L’indignation de Robert Badinter sur les dérives xénophobes du moment pèse tout en apparaissant un peu comme un pari risqué.
Que la voix d’un homme de principe qui a eu raison des coupeurs de têtes s’élève dans les manifestations ordinaires de la curée et de la chasse à l’homme, en ces temps où l’autre devient alternativement un danger et une proie, nous honore et me terrifie.
Plus que tout autre, Robert Badinter, incarne le principe républicain, le bien commun, c’est-à-dire un principe qui nous dépasse et qui nous lie : nous sommes plus que la somme de nos noblesses personnelles et de nos ignominies. La république de liberté, d’égalité et de fraternité fait société en posant théoriquement l’aliénation par la naissance, par le rang et par l’origine, insupportable.
Il est de ces voix qui font écho dans l’air du temps. Mais, aujourd’hui, la sienne résonne bizarrement comme si l’homme de principe avait la voix cassée.

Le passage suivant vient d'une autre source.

(* Let $\epsilon\le 1/10$ and consider the multi-value algorithm against a late $\epsilon$-bounded adaptive blocking adversary. There are constants $\rho\in(0,1)$ and $\alpha>0$ such that, for any iteration $t$ with $r=\sigma_{t-1}/n<\rho$, with high probability $\sigma_t\ge\max\{(1+\alpha)\sigma_{t-1},\Theta(\log n)\}$.
   Context: Model: $n$ anonymous nodes, fully interconnected, synchronous rounds; in each round every node first receives the non-blocked messages sent to it in the previous round, computes, then sends messages. Late $\epsilon$-bounded adaptive adversary: at the start of each round $t\ge2$ it knows the full system state at the beginning of round $t-1$ and blocks a set $B_t$ of at most $\epsilon n$ nodes in round $t$ (blocked nodes neither send nor receive in that round); in round 1 it knows the initial state but not that round's coin flips. W.h.p. means with probability at least $1-n^{-\Omega(1)}$. Multi-value algorithm (constants $c_1,c_2,c_3>0$; inputs from a domain of size polynomial in $n$; $\bot\le x$ for all $x$): (1) every node $u$ initializes $x_u$ to its input and becomes active with probability $c_1\log n/n$; (2) each active node sends $x_u$ to $\lceil c_2\log n\rceil$ nodes chosen uniformly at random; (3) every inactive or blocked node $v$ sets $x_v=\bot$; (4) for iterations $t=1,\dots,\lceil c_3\log n\rceil$, every node $v$ sets $x_v=\max(R\cup\{x_v\})$ with $R$ the set of newly received values, becomes active if $x_v\neq\bot$, and, if $t<c_3\log n$ and $v$ is active, sends $x_v$ to $2$ nodes chosen uniformly at random; (5) every node decides on $x_u$. Let $A$ be the set of nodes active in round 1 and $B_1$ those blocked in round 1; $x^*$ is the maximum input among nodes in $A\setminus B_1$; $\sigma_t$ is the number of nodes whose value is $x^*$ at the end of iteration $t$. *)

theory Defs
  imports "HOL-Probability.Probability" "HOL-Library.Multiset"
begin
lemma Phi1_critical_point_deriv_relations:
  assumes U: "open U" "t \<in> U" and k: "k \<le> m"
    and u1: "(\<lambda>s. u1 (t(k := s))) field_differentiable at (t k)"
    and u2: "(\<lambda>s. u2 (t(k := s))) field_differentiable at (t k)"
    and crit: "\<forall>t\<in>U. dx (Phi1 e m t) (u1 t) (u2 t) = 0 \<and> dy (Phi1 e m t) (u1 t) (u2 t) = 0"
    and "u1 t \<noteq> 0"
  shows "dx (dx (Phi1 e m t)) (u1 t) (u2 t) * dt u1 k t + e * F1 (e + 1) k (u1 t) (u2 t) = 0"
    and "dy (dy (Phi1 e m t)) (u1 t) (u2 t) * dt u2 k t + F1 e k (u1 t) (u2 t) = 0"
proof -
  define a where "a = (\<lambda>s. u1 (t(k := s)))"
  define b where "b = (\<lambda>s. u2 (t(k := s)))"
  define V where "V = {s. t(k := s) \<in> U}"
  have at_tk: "a (t k) = u1 t" "b (t k) = u2 t"
    by (simp_all add: a_def b_def)
  have a: "(a has_field_derivative dt u1 k t) (at (t k))" and b: "(b has_field_derivative dt u2 k t) (at (t k))"
    using u1 u2 by (simp_all add: a_def b_def dt_def DERIV_deriv_iff_field_differentiable)
  have V: "open V" "t k \<in> V"
    using U by (simp_all add: V_def open_fun_upd_preimage)
  have mixed: "dy (dx (Phi1 e m t)) (u1 t) (u2 t) = 0" "dx (dy (Phi1 e m t)) (u1 t) (u2 t) = 0"
    using Phi1_pde[of "u1 t" e m t "u2 t"] crit U(2) \<open>u1 t \<noteq> 0\<close> by (simp_all add: dy_dx_Phi1 dx_dy_Phi1)
  have crit_line: "dx (Phi1 e m t) (a s) (b s) + (s - t k) * dx (F1 e (Suc k)) (a s) (b s) = 0"
    "dy (Phi1 e m t) (a s) (b s) + (s - t k) * dy (F1 e (Suc k)) (a s) (b s) = 0" if "s \<in> V" for s
    using crit that k by (simp_all add: V_def a_def b_def flip: dx_Phi1_fun_upd dy_Phi1_fun_upd)
  have "dx (dx (Phi1 e m t)) (a (t k)) (b (t k)) * dt u1 k t + dy (dx (Phi1 e m t)) (a (t k)) (b (t k)) * dt u2 k t
      + dx (F1 e (Suc k)) (a (t k)) (b (t k)) = 0"
    by (rule implicit_derivative_relation[OF Phi1_partials_differentiable(1)
          Phi1_partials_field_differentiable(1,2) _ a b V crit_line(1)])
      (simp add: dx_F1_Suc F1_isCont)
  then show "dx (dx (Phi1 e m t)) (u1 t) (u2 t) * dt u1 k t + e * F1 (e + 1) k (u1 t) (u2 t) = 0"
    by (simp add: at_tk mixed dx_F1_Suc)
  have "dx (dy (Phi1 e m t)) (a (t k)) (b (t k)) * dt u1 k t + dy (dy (Phi1 e m t)) (a (t k)) (b (t k)) * dt u2 k t
      + dy (F1 e (Suc k)) (a (t k)) (b (t k)) = 0"
    by (rule implicit_derivative_relation[OF Phi1_partials_differentiable(2)
          Phi1_partials_field_differentiable(3,4) _ a b V crit_line(2)])
      (simp add: dy_F1_Suc F1_isCont)
  then show "dy (dy (Phi1 e m t)) (u1 t) (u2 t) * dt u2 k t + F1 e k (u1 t) (u2 t) = 0"
    by (simp add: at_tk mixed dy_F1_Suc)
qed

lemma Phi1_critical_point_param_derivs:
  assumes U: "open U" "t \<in> U" and k: "k \<le> m"
    and u1: "\<And>j. j \<le> m \<Longrightarrow> (\<lambda>s. u1 (t(j := s))) field_differentiable at (t j)"
    and u2: "\<And>j. j \<le> m \<Longrightarrow> (\<lambda>s. u2 (t(j := s))) field_differentiable at (t j)"
    and crit: "\<forall>t\<in>U. dx (Phi1 e m t) (u1 t) (u2 t) = 0 \<and> dy (Phi1 e m t) (u1 t) (u2 t) = 0"
    and nondeg: "u1 t \<noteq> 0" "dx (dx (Phi1 e m t)) (u1 t) (u2 t) \<noteq> 0" "dy (dy (Phi1 e m t)) (u1 t) (u2 t) \<noteq> 0"
  shows "dt u1 k t = F1 (e + 1) k (u1 t) (u2 t) * dt u1 0 t"
    and "dt u2 k t = F1 e k (u1 t) (u2 t) * dt u2 0 t"
proof -
  have "j \<le> m \<Longrightarrow> dx (dx (Phi1 e m t)) (u1 t) (u2 t) * dt u1 j t + e * F1 (e + 1) j (u1 t) (u2 t) = 0"
    and "j \<le> m \<Longrightarrow> dy (dy (Phi1 e m t)) (u1 t) (u2 t) * dt u2 j t + F1 e j (u1 t) (u2 t) = 0" for j
    using Phi1_critical_point_deriv_relations[OF U _ u1 u2 crit nondeg(1), of j] by simp_all
  from this[of 0] this[OF k] nondeg(2,3) show
    "dt u1 k t = F1 (e + 1) k (u1 t) (u2 t) * dt u1 0 t"
    "dt u2 k t = F1 e k (u1 t) (u2 t) * dt u2 0 t"
    by simp_all algebra+
qed

lemma eta1_pde:
  assumes "1 - x * z \<notin> \<real>\<^sub>\<le>\<^sub>0"
  shows "x * dx (dy (\<lambda>x y. eta1 e x y z)) x y = dx (\<lambda>x y. eta1 e x y z) x y - e * dy (\<lambda>x y. eta1 e x y z) x y"
proof -
  have dy_eta1: "dy (\<lambda>x y. eta1 e x y z) x' y' = z * eta1 e x' y' z" for x' y'
  proof -
    have "((\<lambda>y. eta1 e x' y z) has_field_derivative z * eta1 e x' y' z) (at y')"
      unfolding eta1_def by (auto intro!: derivative_eq_intros)
    then show ?thesis
      unfolding dy_def by (rule DERIV_imp_deriv)
  qed
  have "((\<lambda>x. eta1 e x y z) has_field_derivative e * z * (1 - x * z) powr (- e - 1) * exp (y * z)) (at x)"
    unfolding eta1_def using assms by (auto intro!: derivative_eq_intros)
  then have dx_eta1: "dx (\<lambda>x y. eta1 e x y z) x y = e * z * (1 - x * z) powr (- e - 1) * exp (y * z)"
    and dx_dy_eta1: "dx (dy (\<lambda>x y. eta1 e x y z)) x y = z * (e * z * (1 - x * z) powr (- e - 1) * exp (y * z))"
    unfolding dx_def dy_eta1 by (auto intro: DERIV_imp_deriv DERIV_cmult)
  have powr_split: "(1 - x * z) powr (- e) = (1 - x * z) powr (- e - 1) * (1 - x * z)"
    using powr_add[of "1 - x * z" "- e - 1" 1] by simp
  show ?thesis
    unfolding dx_eta1 dx_dy_eta1 dy_eta1 unfolding eta1_def powr_split by (simp add: algebra_simps)
qed

theorem mainTheorem8:
  fixes eps :: complex
  assumes eps: "eps \<noteq> 0"
  shows
   \<comment> \<open>(a)\<close>
   "(\<forall>x y z. 1 - x * z \<notin> \<real>\<^sub>\<le>\<^sub>0 \<longrightarrow>
        x * dx (dy (\<lambda>x y. eta1 eps x y z)) x y
          = dx (\<lambda>x y. eta1 eps x y z) x y - eps * dy (\<lambda>x y. eta1 eps x y z) x y)
    \<and> (\<forall>k x y. dy (F1 eps (k + 1)) x y = F1 eps k x y)
    \<and> (\<forall>k x y. dx (F1 eps (k + 1)) x y / eps = (\<Sum>i\<le>k. x ^ i * F1 eps (k - i) x y))
   \<comment> \<open>(b)\<close>
    \<and> (\<forall>(m::nat) (U :: (nat \<Rightarrow> complex) set) (u1 :: (nat \<Rightarrow> complex) \<Rightarrow> complex) u2.
         m \<ge> 1 \<and> open U
         \<and> (\<forall>k\<le>m. \<forall>t\<in>U. (\<lambda>s. u1 (t(k := s))) field_differentiable at (t k)
                        \<and> (\<lambda>s. u2 (t(k := s))) field_differentiable at (t k))
         \<and> (\<forall>k\<le>m. continuous_on U (dt u1 k) \<and> continuous_on U (dt u2 k))
         \<and> (\<forall>t\<in>U. dx (Phi1 eps m t) (u1 t) (u2 t) = 0 \<and> dy (Phi1 eps m t) (u1 t) (u2 t) = 0)
       \<longrightarrow> (\<forall>t\<in>U. u1 t \<noteq> 0
               \<and> dx (dx (Phi1 eps m t)) (u1 t) (u2 t) \<noteq> 0
               \<and> dy (dy (Phi1 eps m t)) (u1 t) (u2 t) \<noteq> 0
             \<longrightarrow> (\<forall>k\<in>{1..m}.
                   dt u1 k t = (\<Sum>i\<le>k. u1 t ^ i * F1 eps (k - i) (u1 t) (u2 t)) * dt u1 0 t
                 \<and> dt u2 k t = F1 eps k (u1 t) (u2 t) * dt u2 0 t)
               \<and> (\<Sum>i\<le>1. u1 t ^ i * F1 eps (1 - i) (u1 t) (u2 t)) = (1 + eps) * u1 t + u2 t
               \<and> F1 eps 1 (u1 t) (u2 t) = eps * u1 t + u2 t))"
proof (intro conjI allI impI ballI)
  show "x * dx (dy (\<lambda>x y. eta1 eps x y z)) x y
      = dx (\<lambda>x y. eta1 eps x y z) x y - eps * dy (\<lambda>x y. eta1 eps x y z) x y"
    if "1 - x * z \<notin> \<real>\<^sub>\<le>\<^sub>0" for x y z
    using that by (rule eta1_pde)
  show "dy (F1 eps (k + 1)) x y = F1 eps k x y" for k x y
    by (simp add: dy_F1_Suc)
  show "dx (F1 eps (k + 1)) x y / eps = (\<Sum>i\<le>k. x ^ i * F1 eps (k - i) x y)" for k x y
    using eps by (simp add: dx_F1_Suc F1_plus_one_eq_sum)
  show "(\<Sum>i\<le>1. x ^ i * F1 eps (1 - i) x y) = (1 + eps) * x + y" for x y
    unfolding F1_plus_one_eq_sum[symmetric] F1_1 by (simp add: algebra_simps)
  show "F1 eps 1 x y = eps * x + y" for x y
    by (rule F1_1)
qed (auto simp flip: F1_plus_one_eq_sum intro!: Phi1_critical_point_param_derivs)

end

Car, si le principe républicain dépasse, transcende, il doit tenir un mur fragile où le principe fait réalité, où la république protège et garantit, ne laisse pas le bien commun être dilapidé par les exploiteurs et les profiteurs, ne permet pas l’explosion des déserts des services publics, interdit les nouvelles favelas au bord de nos embranchements d’autoroute.
Ce n’est donc pas la parole de Robert Badinter qui me gêne, mais le point de vue à partir duquel il regarde la société : il me parait tragiquement théorique et détaché des urgences actuelles. En ce sens, il fait symptôme de la distance que les élites sociales démocrates ont gagnée, face à une réalité odieuse ; intransigeants sur le plan transcendantal, indignés verbalement sur tous les sujets nobles et généreux, ils sont incapables dans le présent de constater les menus catastrophes du quotidien, de résister concrètement à la marchandisation du monde, de lutter contre la stupéfiante montée des inégalités. Ils affirment des idées creuses, tautologiques, sans consistance en exhibant leur incapacité à faire changer la vie.

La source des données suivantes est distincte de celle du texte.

(* Let $G$ be a connected threshold graph of order $n \ge 4$ and size $m$ with $n-1 < m < \binom{n}{2}$, with generating sequence $a_1a_2\cdots a_n$, $c$ type 1 vertices, $z$ type 0 vertices, backwards zero position sequence $(b_1,\ldots,b_z)$, and numbers $F_p$ ($p\in\mathbb{N}_0$) and $\mathrm{LW}_k$ ($k \in \mathbb{N}_0$) as defined in the context. Then the sequence $(\mathrm{LW}_k)_{k\in\mathbb{N}_0}$ satisfies \[ \mathrm{LW}_0 = 1, \qquad \mathrm{LW}_k = c\,\mathrm{LW}_{k-1} + \sum_{r=0}^{k-3} \mathrm{LW}_r \sum_{q\in\mathbb{N}_0} \binom{k-3-r-q}{q} F_{q+1} \qquad (k\in\mathbb{N}). \]
   Context: A threshold graph is a simple graph whose vertices can be ordered $v_1,\ldots,v_n$ so that for each $2\le i\le n$, $v_i$ is either adjacent to all of $v_1,\ldots,v_{i-1}$ (then $a_i=1$) or to none of them (then $a_i=0$); $a_1a_2\cdots a_n$ is the generating sequence, where by convention $a_1=1$. Vertex $v_i$ is of type 1 if $a_i=1$ and of type 0 if $a_i=0$; $c$ and $z$ denote the numbers of type 1 and type 0 vertices, so $c+z=n$ (here $c\ge 3$, $z \ge 1$). The backwards zero position sequence $(b_1,\ldots,b_z)$ is defined by letting $b_i$ be the number of type 1 vertices appearing after the $i$-th type 0 vertex in the order $v_1,\ldots,v_n$. A lazy walk of length $k\in\mathbb{N}_0$ is a sequence $u_0u_1\cdots u_k$ of vertices such that for each $1\le i\le k$, $u_i=u_{i-1}$ or $u_i$ is adjacent to $u_{i-1}$. For $k\in\mathbb{N}$, $\mathrm{LW}_k$ is the number of lazy walks of length $k-1$ in $G$ whose first and last vertices are both type 1 vertices, and $\mathrm{LW}_0=1$. Define $F_0=c$ and, for $p\ge 1$, \[F_p=\sum_{i_1,\ldots,i_p=1}^{z} b_{i_1}\min\{b_{i_1},b_{i_2}\}\min\{b_{i_2},b_{i_3}\}\cdots\min\{b_{i_{p-1}},b_{i_p}\}\,b_{i_p}\] (so $F_1=\sum_{i=1}^z b_i^2$). Binomial coefficients $\binom{a}{q}$ with integer $a$ and $q\in\mathbb{N}_0$ are taken to be $0$ whenever $a<q$. *)

theory Defs
  imports Main
begin

definition simple_graph :: "'a set \<Rightarrow> ('a \<Rightarrow> 'a \<Rightarrow> bool) \<Rightarrow> bool" where
  "simple_graph V E \<longleftrightarrow> finite V \<and>
     (\<forall>x y. E x y \<longrightarrow> x \<in> V \<and> y \<in> V \<and> x \<noteq> y \<and> E y x)"

definition threshold_order ::
  "'a set \<Rightarrow> ('a \<Rightarrow> 'a \<Rightarrow> bool) \<Rightarrow> nat \<Rightarrow> (nat \<Rightarrow> 'a) \<Rightarrow> (nat \<Rightarrow> bool) \<Rightarrow> bool" where
  "threshold_order V E n v a \<longleftrightarrow> bij_betw v {1..n} V \<and> a 1 \<and>
     (\<forall>i\<in>{2..n}. \<forall>j\<in>{1..<i}. E (v i) (v j) = a i)"

definition graph_connected :: "'a set \<Rightarrow> ('a \<Rightarrow> 'a \<Rightarrow> bool) \<Rightarrow> bool" where
  "graph_connected V E \<longleftrightarrow> (\<forall>x\<in>V. \<forall>y\<in>V. E\<^sup>*\<^sup>* x y)"

definition graph_size :: "('a \<Rightarrow> 'a \<Rightarrow> bool) \<Rightarrow> nat" where
  "graph_size E = card {{x, y} | x y. E x y}"

definition type1 :: "nat \<Rightarrow> (nat \<Rightarrow> 'a) \<Rightarrow> (nat \<Rightarrow> bool) \<Rightarrow> 'a \<Rightarrow> bool" where
  "type1 n v a u \<longleftrightarrow> (\<exists>i\<in>{1..n}. v i = u \<and> a i)"

definition num_type1 :: "nat \<Rightarrow> (nat \<Rightarrow> bool) \<Rightarrow> nat" where
  "num_type1 n a = card {i\<in>{1..n}. a i}"

definition num_type0 :: "nat \<Rightarrow> (nat \<Rightarrow> bool) \<Rightarrow> nat" where
  "num_type0 n a = card {i\<in>{1..n}. \<not> a i}"

text \<open>Positions of the type 0 vertices, in increasing order, and the backwards
zero position sequence (0-indexed list: entry i is b_(i+1)).\<close>
definition zero_positions :: "nat \<Rightarrow> (nat \<Rightarrow> bool) \<Rightarrow> nat list" where
  "zero_positions n a = filter (\<lambda>i. \<not> a i) [1..<Suc n]"

definition bzps :: "nat \<Rightarrow> (nat \<Rightarrow> bool) \<Rightarrow> nat list" where
  "bzps n a = map (\<lambda>p. card {j. p < j \<and> j \<le> n \<and> a j}) (zero_positions n a)"

text \<open>F_0 = c, and for p >= 1 the sum over all index tuples (i_1,...,i_p) in
{1..z}^p (represented as lists over {0..<z}).\<close>
definition Fnum :: "nat \<Rightarrow> (nat \<Rightarrow> bool) \<Rightarrow> nat \<Rightarrow> nat" where
  "Fnum n a p = (if p = 0 then num_type1 n a else
     (let b = bzps n a; z = num_type0 n a in
      \<Sum>is\<in>{is. length is = p \<and> set is \<subseteq> {0..<z}}.
         b ! (hd is) * (\<Prod>j<p - 1. min (b ! (is ! j)) (b ! (is ! Suc j))) * b ! (last is)))"

text \<open>Lazy walks u_0 ... u_(k-1) of length k-1 (k vertices) whose first and last vertices
are of type 1.\<close>
definition lazy_walks_11 ::
  "'a set \<Rightarrow> ('a \<Rightarrow> 'a \<Rightarrow> bool) \<Rightarrow> ('a \<Rightarrow> bool) \<Rightarrow> nat \<Rightarrow> 'a list set" where
  "lazy_walks_11 V E T k = {ws. length ws = k \<and> set ws \<subseteq> V \<and>
     (\<forall>i. Suc i < k \<longrightarrow> ws ! Suc i = ws ! i \<or> E (ws ! i) (ws ! Suc i)) \<and>
     T (hd ws) \<and> T (last ws)}"

definition LW :: "'a set \<Rightarrow> ('a \<Rightarrow> 'a \<Rightarrow> bool) \<Rightarrow> nat \<Rightarrow> (nat \<Rightarrow> 'a) \<Rightarrow> (nat \<Rightarrow> bool) \<Rightarrow> nat \<Rightarrow> nat" where
  "LW V E n v a k = (if k = 0 then 1 else card (lazy_walks_11 V E (type1 n v a) k))"

end

theory Submission
  imports Defs
begin

(* Index the vertices by their positions 1..n.  Distinct positions i and j are adjacent iff
   a (max i j), so a lazy step from a type 1 position may go to any type 1 position or to an
   earlier type 0 one, and a lazy step from a type 0 position p stays at p or goes to a later
   type 1 position.  Let w k j count the lazy walks with k vertices from a type 1 vertex to
   position j.  Summing over type 1 endpoints gives LW (k+1) = c LW k + sum_p b_p w k p, and
   for a type 0 position p one gets the second order recurrence
     w (k+2) p = w (k+1) p + b_p LW k + (M (w k)) p,   M p p' = min b_p b_p'.
   Its solution is the convolution w k p = sum_r LW r g (k-2-r) p, where
   g m = sum_q C(m-q, q) M^q b is a Fibonacci polynomial in M applied to b, and
   F (q+1) = b^T M^q b is the sum over index sequences in the definition of F. *)

definition lazy_walks_ending_at ::
  "'a set \<Rightarrow> ('a \<Rightarrow> 'a \<Rightarrow> bool) \<Rightarrow> ('a \<Rightarrow> bool) \<Rightarrow> nat \<Rightarrow> 'a \<Rightarrow> 'a list set" where
  "lazy_walks_ending_at V E T k y = {ws. length ws = k \<and> ws \<noteq> [] \<and> set ws \<subseteq> V \<and>
     successively (\<lambda>x x'. x' = x \<or> E x x') ws \<and> T (hd ws) \<and> last ws = y}"

lemma finite_lazy_walks_ending_at: "finite V \<Longrightarrow> finite (lazy_walks_ending_at V E T k y)"
  by (rule finite_subset[OF _ finite_lists_length_eq[of V k]])
    (auto simp: lazy_walks_ending_at_def)

lemma lazy_walks_11_eq_UN:
  "k \<noteq> 0 \<Longrightarrow> lazy_walks_11 V E T k = (\<Union>y\<in>{y\<in>V. T y}. lazy_walks_ending_at V E T k y)"
  by (fastforce simp: lazy_walks_11_def lazy_walks_ending_at_def successively_conv_nth)

lemma card_lazy_walks_11:
  assumes "finite V" "k \<noteq> 0"
  shows "card (lazy_walks_11 V E T k) = (\<Sum>y | y \<in> V \<and> T y. card (lazy_walks_ending_at V E T k y))"
  unfolding lazy_walks_11_eq_UN[OF assms(2)] using assms(1)
  by (intro card_UN_disjoint ballI finite_lazy_walks_ending_at)
    (auto simp: lazy_walks_ending_at_def)

lemma lazy_walks_ending_at_0 [simp]: "lazy_walks_ending_at V E T 0 y = {}"
  by (simp add: lazy_walks_ending_at_def)

lemma lazy_walks_ending_at_1:
  "lazy_walks_ending_at V E T (Suc 0) y = (if y \<in> V \<and> T y then {[y]} else {})"
  by (auto simp: lazy_walks_ending_at_def length_Suc_conv)

lemma lazy_walks_ending_at_Suc_Suc:
  assumes "y \<in> V"
  shows "lazy_walks_ending_at V E T (Suc (Suc m)) y =
    (\<lambda>ws. ws @ [y]) ` (\<Union>x\<in>{x\<in>V. x = y \<or> E x y}. lazy_walks_ending_at V E T (Suc m) x)"
proof (intro set_eqI iffI)
  fix ws assume ws: "ws \<in> lazy_walks_ending_at V E T (Suc (Suc m)) y"
  then obtain us where us: "ws = us @ [y]" "length us = Suc m"
    by (cases ws rule: rev_cases) (auto simp: lazy_walks_ending_at_def)
  moreover from us have "us \<noteq> []"
    by auto
  ultimately have "us \<in> lazy_walks_ending_at V E T (Suc m) (last us)"
    "last us \<in> V" "last us = y \<or> E (last us) y"
    using ws by (auto simp: lazy_walks_ending_at_def successively_append_iff hd_append)
  with us show "ws \<in> (\<lambda>ws. ws @ [y]) ` (\<Union>x\<in>{x\<in>V. x = y \<or> E x y}. lazy_walks_ending_at V E T (Suc m) x)"
    by blast
next
  fix ws assume "ws \<in> (\<lambda>ws. ws @ [y]) ` (\<Union>x\<in>{x\<in>V. x = y \<or> E x y}. lazy_walks_ending_at V E T (Suc m) x)"
  then show "ws \<in> lazy_walks_ending_at V E T (Suc (Suc m)) y"
    using assms by (auto simp: lazy_walks_ending_at_def successively_append_iff)
qed

lemma card_lazy_walks_ending_at_Suc_Suc:
  assumes "finite V" "y \<in> V"
  shows "card (lazy_walks_ending_at V E T (Suc (Suc m)) y) =
    (\<Sum>x | x \<in> V \<and> (x = y \<or> E x y). card (lazy_walks_ending_at V E T (Suc m) x))"
proof -
  have "card (lazy_walks_ending_at V E T (Suc (Suc m)) y) =
      card (\<Union>x\<in>{x\<in>V. x = y \<or> E x y}. lazy_walks_ending_at V E T (Suc m) x)"
    unfolding lazy_walks_ending_at_Suc_Suc[OF assms(2)] by (rule card_image) (simp add: inj_on_def)
  also have "\<dots> = (\<Sum>x | x \<in> V \<and> (x = y \<or> E x y). card (lazy_walks_ending_at V E T (Suc m) x))"
    using assms(1) by (intro card_UN_disjoint ballI finite_lazy_walks_ending_at)
      (auto simp: lazy_walks_ending_at_def)
  finally show ?thesis .
qed

definition kernel_apply :: "'b set \<Rightarrow> ('b \<Rightarrow> 'b \<Rightarrow> 'a::comm_semiring_0) \<Rightarrow> ('b \<Rightarrow> 'a) \<Rightarrow> 'b \<Rightarrow> 'a" where
  "kernel_apply A K f x = (\<Sum>y\<in>A. K x y * f y)"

Ainsi, pour beaucoup, la haine s’amplifie, le jeu n’en vaut plus la chandelle, un pour tous et tous pour moi. Étant directement en concurrence à tous les niveaux les uns avec les autres, quelle nécessité peut-elle endiguer la haine première de l’autre et le repli sur soi ? Quelle séduction, quel impératif peut porter la république ?
Je suis donc très dubitatif sur les idées de contre manifestation. Manifestation, contre-manifestation, réforme, contre-réforme. Si le rituel de l’exorcisme et du désenvoutement peut nous faire gouter à l’air frais du printemps qui arrive, tant mieux. Mais je crois que le remède à la peste est à chercher dans d’autres médecines plus profondes.